Similar to the locals in Mashkhel, the people in Panjgur have many tales to tell about the trade between Pakistan and Iran back in the day. The Panjgur-based trader Haji Khalil Dehani says, “I used to bring edible items from Iran without any hassle. Back then, I used to transport all these items in an Iranian-made Paykan car, which was famous for trade in the distant past. Prior to that, we used to bring oil and edible items on a Rusi motorbike. As restrictions continued to increase, people started to use pick-up trucks such as the Zambad.”
Until a few years ago, the government had taken a few initiatives to bolster cross-border trade. Some government officials reportedly even inaugurated a few border markets in order to boost trade with Iran. Even though the border markets were opened, they quickly fell into disrepair and have become dysfunctional now — case in point being the border market in Chedgi. “It is deserted,” says Dehani despondently. “The dozen shops are all closed.”

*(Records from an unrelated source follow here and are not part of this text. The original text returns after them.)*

lemma embed_in_c0plus: "0 < c \<Longrightarrow> embed c x \<in> c0plus"
  unfolding c0plus_def using embed_nonneg finite_embed_gt by blast

lemma gromov_ge_on_ball:
  assumes "z \<in> ball x r" "w \<in> ball x r"
  shows "dist root x - 2 * r \<le> gromov z w"
proof -
  have "dist root x \<le> dist root z + dist x z" "dist root x \<le> dist root w + dist x w"
    "dist z w \<le> dist x z + dist x w"
    using dist_triangle[of root x z] dist_triangle[of root x w] dist_triangle3[of z w x]
    by (simp_all add: dist_commute)
  then show ?thesis using assms by (simp add: gromov_def)
qed

text \<open>The Gromov products on the ball are at least \<open>dist root x - (1 - c) s \<ge> 2 c s\<close>, so the grid
  level of the sector found by \<open>subset_sector\<close> is at least \<open>1\<close>.\<close>

lemma ball_subset_sector:
  assumes c: "0 < c" "c < 1" and s: "0 < s" and x: "(1 + c) * s \<le> dist root x"
  obtains m :: nat where "m \<noteq> 0"
    "ball x ((1 - c) * s / 2) \<subseteq> sector (real m * (c * s)) (s + c * s) (geod x (real m * (c * s)))"
proof -
  let ?r = "(1 - c) * s / 2"
  have "0 < c * s" "(1 - c) * s < s" using c s by auto
  moreover have "x \<in> ball x ?r" using c s by simp
  moreover have "dist z w \<le> (1 - c) * s" if "z \<in> ball x ?r" "w \<in> ball x ?r" for z w
    using that dist_triangle3[of z w x] by simp
  ultimately obtain m :: nat
    where sub: "ball x ?r \<subseteq> sector (real m * (c * s)) (s + c * s) (geod x (real m * (c * s)))"
    and above: "gromov_inf (ball x ?r) < real m * (c * s) + c * s"
    using subset_sector[of "c * s" x "ball x ?r" "(1 - c) * s" s] by (auto simp: add.commute)
  have "dist root x - 2 * ?r \<le> gromov_inf (ball x ?r)"
    using \<open>x \<in> ball x ?r\<close> gromov_ge_on_ball[of _ x ?r] by (intro le_gromov_inf) blast+
  with above have "dist root x - 2 * ?r < real m * (c * s) + c * s" by linarith
  moreover have "2 * ?r = s - c * s" "(1 + c) * s = s + c * s" by (simp_all add: field_simps)
  ultimately have "c * s < real m * (c * s)" using x by linarith
  then have "m \<noteq> 0" using \<open>0 < c * s\<close> by (cases m) auto
  with sub show thesis by (intro that)
qed

lemma exists_coord_separating:
  assumes c: "0 < c" "c < 1" and xy: "dist root y \<le> dist root x" "x \<noteq> y"
  obtains k m p where "dist x y \<le> 4 * (1 + c) ^ 2 / (1 - c) * \<bar>coord c k m p x - coord c k m p y\<bar>"
proof -
  have "0 < dist x y" using xy(2) by simp
  then obtain k where k: "2 * (1 + c) * geom_scale c k \<le> dist x y"
    "dist x y < 2 * (1 + c) ^ 2 * geom_scale c k"
    by (rule exists_geom_scale_between[OF c(1)])
  define s where "s = geom_scale c k"
  have s: "0 < s" using geom_scale_pos[OF c(1)] by (simp add: s_def)
  have "2 * ((1 + c) * s) \<le> dist root x + dist root y"
    using k(1) dist_triangle3[of x y root] unfolding s_def mult.assoc by linarith
  then have "(1 + c) * s \<le> dist root x" using xy(1) by linarith
  then obtain m :: nat where m: "m \<noteq> 0"
    and ball: "ball x ((1 - c) * s / 2) \<subseteq> sector (real m * (c * s)) (s + c * s) (geod x (real m * (c * s)))"
    using ball_subset_sector[OF c s] by blast
  define V where "V = sector (real m * (c * s)) (s + c * s) (geod x (real m * (c * s)))"
  have coord: "coord c k m (geod x (real m * (c * s))) z = infdist z (- V)" for z
    using m by (simp add: coord_def V_def s_def)
  have "0 < real m * (c * s)" using m c s by simp
  then have "root \<notin> V" by (simp add: V_def sector_def)
  then have "(1 - c) * s / 2 \<le> infdist x (- V)"
    using ball by (intro le_infdist_compl_if_ball_subset) (auto simp: V_def)
  moreover have "y \<notin> V"
  proof
    assume "y \<in> V"
    moreover have "x \<in> V" using ball c s by (auto simp: V_def)
    ultimately have "dist x y < 2 * (s + c * s)"
      using \<open>0 < real m * (c * s)\<close> unfolding V_def by (intro dist_sector_less) auto
    with k show False by (simp add: s_def algebra_simps)
  qed
  ultimately have "(1 - c) * s / 2 \<le> \<bar>coord c k m (geod x (real m * (c * s))) x
      - coord c k m (geod x (real m * (c * s))) y\<bar>"
    by (simp add: coord)
  moreover have "dist x y \<le> 4 * (1 + c) ^ 2 / (1 - c) * ((1 - c) * s / 2)"
    using k c by (simp add: s_def power2_eq_square)
  moreover have "0 \<le> 4 * (1 + c) ^ 2 / (1 - c)" using c by simp
  ultimately show thesis by (meson mult_left_mono order_trans that)
qed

The economic woes due to the border closures have only exacerbated societal issues. The people of Chedgi do not have any basic facilities available to them. There are neither hospitals nor any functioning educational institutions here. Even though the parents here want to send their children to school, the majority of teachers are situated in the main towns of Panjgur and hardly go out to far-flung border areas to perform their duties, which is why the schools in Chedgi are not functional.
Occasionally, unlike Zero Point in Mashkhel, the Chedgi crossing does open so that limited amounts of goods from Iran can make their way into Panjgur. But this simply is not enough to sustain any sort of prolonged economic activity or any hope for prosperity.
Jameel Baloch, a local resident, adds, “We have always asked the local administration to open trade with Iran completely so that Panjgur’s comatose economy can be revived again. But who will listen to us?”
A REGION ADRIFT
But, as stated earlier, the cost that is being borne due to these trade closures is not just an economic one. Families have been disconnected, relations severed and identities have been lost across the province due to the policies that have been put in place at these border towns.
I am reminded of the hazy childhood recollections that I have of some of my cousins and my father’s eldest sister, who I met only once as a child growing up in Dalbandin in the district of Chagai. They had come to visit us in the late 1990s from Sistan-Balochestan in Iran. I still do not remember the names of my cousins.
My aunt passed away in the recent past and no one from my family in Pakistan, including my father, could go to Iran to pay their last respects for the departed soul. That is the dilemma of the frontiers — the borders that divide us only push us further into oblivion, forever.